Falling for Science: Objects in Mind
Source: https://mitpress.mit.edu/9780262512565/falling-for-science/ ↗
Turkle collected essays from MIT students and scientists describing the childhood object — a radio, a microscope, a piece of code, a broken clock — that drew them into scientific thinking.
The result is an emotional ethnography of technical minds, revealing how abstract reasoning often begins with concrete, tactile fascination.
The essays range from undergraduates to senior faculty, and the recurring pattern is striking: a physical object that resisted easy understanding became an invitation to take things apart, to ask how they worked, to tolerate not knowing.
Turkle frames these personal accounts within her broader research on the relationship between people and technology, arguing that the objects we think with shape the thinkers we become.
The book is a quiet corrective to the myth that scientific vocation begins with equations rather than with hands and curiosity.
Central argument
Turkle argues that scientific and technical vocations are not born from abstract reasoning or formal instruction, but from embodied, often frustrated encounters with physical objects in childhood.
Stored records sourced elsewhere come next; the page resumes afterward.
(* Let $P$ be a dcpo. The following are equivalent: (1) $\Sigma P$ is a $d^{\ast}$-space; (2) for every family $\{{\uparrow}F_d\mid d\in D\}\subseteq\mathbf{Fin}\,P$ that is filtered under inclusion, every ${\uparrow}F\in\mathbf{Fin}\,P$ and every nonempty Scott open set $U$, if $\bigcap_{d\in D}{\uparrow}F_d\cap{\uparrow}F\subseteq U$, then ${\uparrow}F_d\cap{\uparrow}F\subseteq U$ for some $d\in D$.
   Context: A dcpo is a poset in which every directed subset has a supremum. A subset $U$ of a poset $P$ is Scott open if $U={\uparrow}U$ and, for every directed $D$ whose supremum exists, $\bigvee D\in U$ implies $D\cap U\neq\emptyset$. The space $\Sigma P$ is $P$ with the Scott topology; its specialization order is the order of $P$. $\mathbf{Fin}\,P=\{{\uparrow}F\mid F\subseteq P$ nonempty finite$\}$. A family of sets is filtered if any two of its members contain a common member. All spaces are $T_0$. The specialization order of a space $X$ is given by $x\le y$ iff $x\in cl(\{y\})$. A $T_0$-space $X$ is a $d^{\ast}$-space if for every directed $D\subseteq X$ (in the specialization order), every $x\in X$ and every nonempty open $U\subseteq X$, $\bigcap_{d\in D}{\uparrow}d\cap{\uparrow}x\subseteq U$ implies ${\uparrow}d\cap{\uparrow}x\subseteq U$ for some $d\in D$. *)

theory Defs
  imports "HOL-Analysis.Analysis"
begin

text \<open>Posets are modelled by the type class order; the poset P is the whole type.\<close>

definition up :: "'a::order set \<Rightarrow> 'a set" where
  "up A = {y. \<exists>x\<in>A. x \<le> y}"

definition directed :: "'a::order set \<Rightarrow> bool" where
  "directed D \<longleftrightarrow> D \<noteq> {} \<and> (\<forall>x\<in>D. \<forall>y\<in>D. \<exists>z\<in>D. x \<le> z \<and> y \<le> z)"

definition is_sup :: "'a::order set \<Rightarrow> 'a \<Rightarrow> bool" where
  "is_sup D s \<longleftrightarrow> (\<forall>x\<in>D. x \<le> s) \<and> (\<forall>u. (\<forall>x\<in>D. x \<le> u) \<longrightarrow> s \<le> u)"

definition dcpo :: "'a::order itself \<Rightarrow> bool" where
  "dcpo _ \<longleftrightarrow> (\<forall>D::'a set. directed D \<longrightarrow> (\<exists>s. is_sup D s))"

definition scott_open :: "'a::order set \<Rightarrow> bool" where
  "scott_open U \<longleftrightarrow> U = up U \<and>
     (\<forall>D s. directed D \<longrightarrow> is_sup D s \<longrightarrow> s \<in> U \<longrightarrow> D \<inter> U \<noteq> {})"
lemma skew_eval_skew_mult: "skew_eval b (skew_mult \<sigma> \<delta> p q) c = skew_eval b p (skew_eval b q c)"
proof -
  let ?N = "degree p + degree q" and ?T = "pseudo_lin b"
  have "skew_eval b (skew_mult \<sigma> \<delta> p q) c = (\<Sum>i\<le>?N. coeff (skew_mult \<sigma> \<delta> p q) i * (?T ^^ i) c)"
    by (rule skew_eval_mono_degree[OF degree_skew_mult])
  also have "\<dots> = (\<Sum>n\<le>degree p. coeff p n * (\<Sum>i\<le>?N. coeff (xpow n q) i * (?T ^^ i) c))"
    by (simp add: coeff_skew_mult sum_distrib_right sum_distrib_left mult.assoc sum.swap[of _ "{..?N}"])
  also have "\<dots> = (\<Sum>n\<le>degree p. coeff p n * skew_eval b (xpow n q) c)"
  proof (rule sum.cong[OF refl])
    fix n
    assume "n \<in> {..degree p}"
    then have "degree (xpow n q) \<le> ?N"
      using degree_xpow[of n q] by auto
    then show "coeff p n * (\<Sum>i\<le>?N. coeff (xpow n q) i * (?T ^^ i) c) = coeff p n * skew_eval b (xpow n q) c"
      by (simp add: skew_eval_mono_degree)
  qed
  also have "\<dots> = skew_eval b p (skew_eval b q c)"
    unfolding skew_eval_xpow by (simp add: skew_eval_def)
  finally show ?thesis .
qed

lemma skew_eval_add: "skew_eval b (f + g) c = skew_eval b f c + skew_eval b g c"
proof -
  let ?M = "max (degree f) (degree g)"
  have "skew_eval b (f + g) c = (\<Sum>n\<le>?M. coeff (f + g) n * (pseudo_lin b ^^ n) c)"
    by (rule skew_eval_mono_degree) (rule degree_add_le_max)
  also have "\<dots> = skew_eval b f c + skew_eval b g c"
    using skew_eval_mono_degree[of f ?M b c] skew_eval_mono_degree[of g ?M b c]
    by (simp add: distrib_right sum.distrib)
  finally show ?thesis .
qed

lemma skew_eval_const: "skew_eval b [:r:] c = r * c"
  by (simp add: skew_eval_def)

lemma skew_eval_skew_lin: "skew_eval b (skew_lin x) c = pseudo_lin b c - x * c"
  by (simp add: skew_eval_def skew_lin_def)

lemma skew_eval_at_0: "skew_eval b f 0 = 0"
  by (simp add: skew_eval_def funpow_pseudo_lin_zero)
lemma funpow_prod_eq_if_others_killed:
  assumes j: "j < n" and kill: "\<And>i. i < n \<Longrightarrow> i \<noteq> j \<Longrightarrow> \<delta> j (F i) = 0"
  shows "(\<delta> j ^^ m) (\<Prod>i<n. F i) = (\<Prod>i<n. if i = j then (\<delta> j ^^ m) (F i) else F i)"
proof -
  have jn: "j \<in> {..<n}" using j by simp
  have c: "\<delta> j (\<Prod>i\<in>{..<n} - {j}. F i) = 0"
    by (rule derivation_prod_eq_0[OF derivations[OF j]]) (use kill in auto)
  have "(\<Prod>i<n. F i) = (\<Prod>i\<in>{..<n} - {j}. F i) * F j"
    using prod.remove[OF _ jn, of F] by (simp add: mult.commute)
  hence "(\<delta> j ^^ m) (\<Prod>i<n. F i) = (\<Prod>i\<in>{..<n} - {j}. F i) * (\<delta> j ^^ m) (F j)"
    using derivation_funpow_mult_const[OF derivations[OF j] c] by simp
  also have "(\<Prod>i\<in>{..<n} - {j}. F i) = (\<Prod>i\<in>{..<n} - {j}. if i = j then (\<delta> j ^^ m) (F i) else F i)"
    by (rule prod.cong) auto
  also have "\<dots> * (\<delta> j ^^ m) (F j) = (\<Prod>i<n. if i = j then (\<delta> j ^^ m) (F i) else F i)"
    using prod.remove[OF _ jn, of "\<lambda>i. if i = j then (\<delta> j ^^ m) (F i) else F i"] by (simp add: mult.commute)
  finally show ?thesis .
qed

lemma dpow_prod:
  assumes kill: "\<And>i j. i < n \<Longrightarrow> j < n \<Longrightarrow> i \<noteq> j \<Longrightarrow> \<delta> j (F i) = 0"
  shows "dpow \<delta> n \<alpha> (\<Prod>i<n. F i) = (\<Prod>i<n. (\<delta> i ^^ \<alpha> i) (F i))"
proof -
  have "dpow \<delta> m \<alpha> (\<Prod>i<n. F i) = (\<Prod>i<n. if i < m then (\<delta> i ^^ \<alpha> i) (F i) else F i)"
    if "m \<le> n" "\<And>i j. i < n \<Longrightarrow> j < n \<Longrightarrow> i \<noteq> j \<Longrightarrow> \<delta> j (F i) = 0" for m F
    using that
  proof (induction m arbitrary: F)
    case (Suc m)
    define F' where "F' = F(m := (\<delta> m ^^ \<alpha> m) (F m))"
    have "\<delta> j (F' i) = 0" if ij: "i < n" "j < n" "i \<noteq> j" for i j
    proof (cases "i = m")
      case True
      have "\<delta> j ((\<delta> m ^^ \<alpha> m) (F m)) = 0"
      proof (rule derivation_funpow_eq_0_if_commute)
        show "is_derivation (\<delta> m)" using Suc.prems(1) derivations by simp
        show "\<delta> j \<circ> \<delta> m = \<delta> m \<circ> \<delta> j" using Suc.prems(1) ij commute by simp
        show "\<delta> j (F m) = 0" using Suc.prems(2) ij True by simp
      qed
      thus ?thesis using True unfolding F'_def by simp
    qed (use ij Suc.prems(2) in \<open>simp add: F'_def\<close>)
    hence "dpow \<delta> m \<alpha> (\<Prod>i<n. F' i) = (\<Prod>i<n. if i < m then (\<delta> i ^^ \<alpha> i) (F' i) else F' i)"
      using Suc.prems(1) by (intro Suc.IH) simp_all
    moreover have "(\<delta> m ^^ \<alpha> m) (\<Prod>i<n. F i) = (\<Prod>i<n. if i = m then (\<delta> m ^^ \<alpha> m) (F i) else F i)"
      using Suc.prems by (intro funpow_prod_eq_if_others_killed) auto
    moreover have "(\<Prod>i<n. if i = m then (\<delta> m ^^ \<alpha> m) (F i) else F i) = (\<Prod>i<n. F' i)"
      unfolding F'_def by (rule prod.cong) auto
    moreover have "(\<Prod>i<n. if i < m then (\<delta> i ^^ \<alpha> i) (F' i) else F' i) =
        (\<Prod>i<n. if i < Suc m then (\<delta> i ^^ \<alpha> i) (F i) else F i)"
      by (rule prod.cong[OF refl]) (auto simp: F'_def less_Suc_eq)
    ultimately show ?case by simp
  qed simp
  from this[OF le_refl kill] show ?thesis by simp
qed

lemma product_is_descent:
  assumes X: "\<And>i. i < n \<Longrightarrow> axis_descent p n \<delta> d i (X i)"
  shows "is_descent p n \<delta> d (restrict (\<lambda>\<alpha>. \<Prod>i<n. X i (\<alpha> i)) (idx_set p n d))"
  unfolding is_descent_def
proof (intro conjI ballI)
  have X0: "\<And>i. i < n \<Longrightarrow> X i 0 = 1" using X unfolding axis_descent_def descent_seq_def by blast
  have "(\<lambda>_. 0) \<in> idx_set p n d"
    unfolding idx_set_def natn_def using below_ppow_zero[OF prime_gt_0_nat[OF prime]] by simp
  thus "restrict (\<lambda>\<alpha>. \<Prod>i<n. X i (\<alpha> i)) (idx_set p n d) (\<lambda>_. 0) = 1" using X0 by simp
  fix \<alpha> \<beta> assume \<alpha>: "\<alpha> \<in> natn n" and \<beta>: "\<beta> \<in> idx_set p n d"
  have b: "\<And>i. i < n \<Longrightarrow> below_ppow p (d i) (\<beta> i)" using \<beta> unfolding idx_set_def by blast
  have "dpow \<delta> n \<alpha> (\<Prod>i<n. X i (\<beta> i)) = (\<Prod>i<n. (\<delta> i ^^ \<alpha> i) (X i (\<beta> i)))"
    by (rule dpow_prod) (use X b in \<open>auto simp: axis_descent_def\<close>)
  also have "\<dots> = (\<Prod>i<n. if \<alpha> i \<le> \<beta> i then X i (\<beta> i - \<alpha> i) else 0)"
    by (rule prod.cong) (use X b in \<open>auto simp: axis_descent_def descent_seq_def\<close>)
  also have "\<dots> = (if \<forall>i. \<alpha> i \<le> \<beta> i then (\<Prod>i<n. X i (\<beta> i - \<alpha> i)) else 0)"
  proof (cases "\<forall>i. \<alpha> i \<le> \<beta> i")
    case False
    then obtain i where i: "\<not> \<alpha> i \<le> \<beta> i" by blast
    have "i < n"
    proof (rule ccontr)
      assume "\<not> i < n"
      hence "\<alpha> i = 0" using \<alpha> unfolding natn_def by simp
      thus False using i by simp
    qed
    thus ?thesis using i False by (intro trans[OF prod_zero]) auto
  qed simp
  moreover have "(\<lambda>i. \<beta> i - \<alpha> i) \<in> idx_set p n d"
    using \<beta> unfolding idx_set_def natn_def by (auto intro: below_ppow_mono)
  ultimately show "dpow \<delta> n \<alpha> (restrict (\<lambda>\<alpha>. \<Prod>i<n. X i (\<alpha> i)) (idx_set p n d) \<beta>) =
      (if \<forall>i. \<alpha> i \<le> \<beta> i then restrict (\<lambda>\<alpha>. \<Prod>i<n. X i (\<alpha> i)) (idx_set p n d) (\<lambda>i. \<beta> i - \<alpha> i) else 0)"
    using \<beta> by simp
qed

lemma product_is_iterative:
  assumes X: "\<And>i. i < n \<Longrightarrow> axis_descent p n \<delta> d i (X i)"
  shows "is_iterative p n d (restrict (\<lambda>\<alpha>. \<Prod>i<n. X i (\<alpha> i)) (idx_set p n d))"
  unfolding is_iterative_def
proof (intro ballI)
  fix \<alpha> \<beta> assume \<alpha>: "\<alpha> \<in> idx_set p n d" and \<beta>: "\<beta> \<in> idx_set p n d"
  have "(\<Prod>i<n. X i (\<alpha> i)) * (\<Prod>i<n. X i (\<beta> i)) = (\<Prod>i<n. X i (\<alpha> i) * X i (\<beta> i))"
    by (simp add: prod.distrib)
  also have "\<dots> = (\<Prod>i<n. if below_ppow p (d i) (\<alpha> i + \<beta> i)
      then of_nat ((\<alpha> i + \<beta> i) choose \<alpha> i) * X i (\<alpha> i + \<beta> i) else 0)"
    by (rule prod.cong[OF refl]) (use X \<alpha> \<beta> in \<open>auto simp: axis_descent_def iterative_seq_def idx_set_def\<close>)
  also have "\<dots> = (if (\<lambda>i. \<alpha> i + \<beta> i) \<in> idx_set p n d
      then of_nat (mbinom n \<alpha> \<beta>) * (\<Prod>i<n. X i (\<alpha> i + \<beta> i)) else 0)"
  proof (cases "(\<lambda>i. \<alpha> i + \<beta> i) \<in> idx_set p n d")
    case True
    hence "\<And>i. i < n \<Longrightarrow> below_ppow p (d i) (\<alpha> i + \<beta> i)" unfolding idx_set_def by blast
    moreover have "(\<Prod>i<n. (of_nat ((\<alpha> i + \<beta> i) choose \<alpha> i) :: 'a)) = of_nat (mbinom n \<alpha> \<beta>)"
      unfolding mbinom_def of_nat_prod using binomial_symmetric[of "\<alpha> _" "\<alpha> _ + \<beta> _"] by simp
    ultimately show ?thesis using True by (simp add: prod.distrib)
  next
    case False
    moreover have "(\<lambda>i. \<alpha> i + \<beta> i) \<in> natn n" using \<alpha> \<beta> unfolding idx_set_def natn_def by auto
    ultimately obtain i where "i < n" "\<not> below_ppow p (d i) (\<alpha> i + \<beta> i)"
      unfolding idx_set_def by blast
    thus ?thesis using False by (intro trans[OF prod_zero]) auto
  qed
  finally show "restrict (\<lambda>\<alpha>. \<Prod>i<n. X i (\<alpha> i)) (idx_set p n d) \<alpha> * restrict (\<lambda>\<alpha>. \<Prod>i<n. X i (\<alpha> i)) (idx_set p n d) \<beta> =
      (if (\<lambda>i. \<alpha> i + \<beta> i) \<in> idx_set p n d
       then of_nat (mbinom n \<alpha> \<beta>) * restrict (\<lambda>\<alpha>. \<Prod>i<n. X i (\<alpha> i)) (idx_set p n d) (\<lambda>i. \<alpha> i + \<beta> i) else 0)"
    using \<alpha> \<beta> by simp
qed

lemma product_iter_descent:
  assumes "\<And>i. i < n \<Longrightarrow> axis_descent p n \<delta> d i (X i)"
  shows "restrict (\<lambda>\<alpha>. \<Prod>i<n. X i (\<alpha> i)) (idx_set p n d) \<in> iter_descents p n \<delta> d"
  unfolding iter_descents_def using product_is_descent[OF assms] product_is_iterative[OF assms] by simp

lemma construction_iter_descent:
  assumes y: "\<And>i k. i < n \<Longrightarrow> enat k < d i \<Longrightarrow>
    y i k ^ p = 0 \<and> (\<delta> i ^^ (p ^ k)) (y i k) = 1 \<and> (\<forall>j<n. j \<noteq> i \<longrightarrow> \<delta> j (y i k) = 0)"
  shows "restrict (\<lambda>\<alpha>. \<Prod>i<n. xseq p (\<delta> i) (y i) (\<alpha> i)) (idx_set p n d) \<in> iter_descents p n \<delta> d"
proof (rule product_iter_descent)
  fix i assume i: "i < n"
  interpret char_p_derivation p "\<delta> i" by (rule char_p_derivation[OF i])
  have yi: "\<And>k. enat k < d i \<Longrightarrow> y i k ^ p = 0 \<and> (\<delta> i ^^ (p ^ k)) (y i k) = 1" using y[OF i] by blast
  show "axis_descent p n \<delta> d i (xseq p (\<delta> i) (y i))"
    unfolding axis_descent_def
  proof (intro conjI xseq_descent_seq[OF yi] xseq_iterative[OF yi] allI impI)
    fix l j assume l: "l < n" "l \<noteq> i" and j: "below_ppow p (d i) j"
    show "\<delta> l (xseq p (\<delta> i) (y i) j) = 0"
      using y[OF i] l commute[OF l(1) i] by (intro xseq_eq_0_if_commute[OF derivations[OF l(1)] _ _ j]) auto
  qed
qed

end

section \<open>Classification of iterative \<open>\<delta>\<close>-descents\<close>

text \<open>Off the powers of \<open>p\<close>, iterativity determines a sequence from smaller indices: for
  \<open>j = p\<^sup>v q\<close> with \<open>p \<nmid> q > 1\<close>, \<open>Y\<^sub>p\<^sub>\<^sup>v Y\<^sub>j\<^sub>-\<^sub>p\<^sub>\<^sup>v = (j choose p\<^sup>v) Y\<^sub>j\<close> and \<open>(j choose p\<^sup>v) \<equiv> q\<close> is a unit.\<close>

lemma iterative_seq_eq_if_not_prime_power:
  assumes prime: "prime p" and char: "of_nat p = (0::'a::comm_ring_1)"
    and Y: "iterative_seq p e (Y :: nat \<Rightarrow> 'a)" and Y': "iterative_seq p e Y'"
    and j: "below_ppow p e j" "1 \<le> j" "\<And>k. j \<noteq> p ^ k"
    and eq: "\<And>i. i < j \<Longrightarrow> Y i = Y' i"
  shows "Y j = Y' j"
proof -
  obtain v q where vq: "j = p ^ v * q" "\<not> p dvd q" using prime_power_coprime_decomp[OF prime j(2)] .
  have q: "q \<noteq> 0" "q \<noteq> 1" using vq j(2) j(3)[of v] by auto
  define a b where "a = p ^ v" "b = p ^ v * (q - 1)"
  have ab: "a + b = j" unfolding a_b_def using vq q by (cases q) (simp_all add: algebra_simps)
  have "a \<ge> 1" "b \<ge> 1" unfolding a_b_def using prime_gt_0_nat[OF prime] q by auto
  hence "a < j" "b < j" "below_ppow p e a" "below_ppow p e b" using ab j(1) by (auto intro: below_ppow_mono)
  hence "of_nat (j choose a) * Y j = of_nat (j choose a) * Y' j"
    using Y Y' eq ab j(1) unfolding iterative_seq_def by metis
  moreover have "[j choose a = q] (mod p)" unfolding vq(1) a_b_def by (rule choose_prime_power_mult_cong[OF prime])
  hence "(fp_inv p (j choose a) :: 'a) * of_nat (j choose a) = 1"
    using vq(2) by (intro fp_inv_mult[OF prime char]) (metis cong_dvd_iff)
  ultimately show ?thesis by (metis mult.assoc mult_1)
qed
Drawing on personal essays by MIT students and scientists, she demonstrates a consistent pattern: an object that resisted understanding — a broken clock, a microscope, a piece of code — became the catalyst for tolerating uncertainty and developing the disposition to take things apart. The central thesis is epistemic: the objects we think with are not merely tools but formative agents that shape the kind of thinkers we become.
Critique
The book's evidential base is structurally self-selecting: contributors are MIT-affiliated individuals who already became scientists, which means the sample cannot distinguish between objects that formed technical minds and objects that technically-minded people retrospectively narrativize as formative. There is no account of the child who dismantled the radio and walked away indifferent, which leaves the causal claim — that the object shapes the thinker — underexamined. The memoir format, while emotionally rich, tends to privilege coherent origin stories over the messier, more contingent reality of how vocational identity actually develops.
Why it matters for product
For a CPO, the book reframes a concrete organizational problem: discovery processes that begin with data and abstractions may systematically exclude the tactile, exploratory instincts that drive the best product thinkers. If technical curiosity originates in hands-on resistance rather than structured reasoning, then hiring and onboarding practices that reward pattern articulation over tinkering may be filtering out exactly the disposition needed for genuine product insight. More directly, it suggests that prototyping and making things tangible early in a product cycle is not just a validation technique — it is a cognitive environment that changes the quality of the questions a team is capable of asking.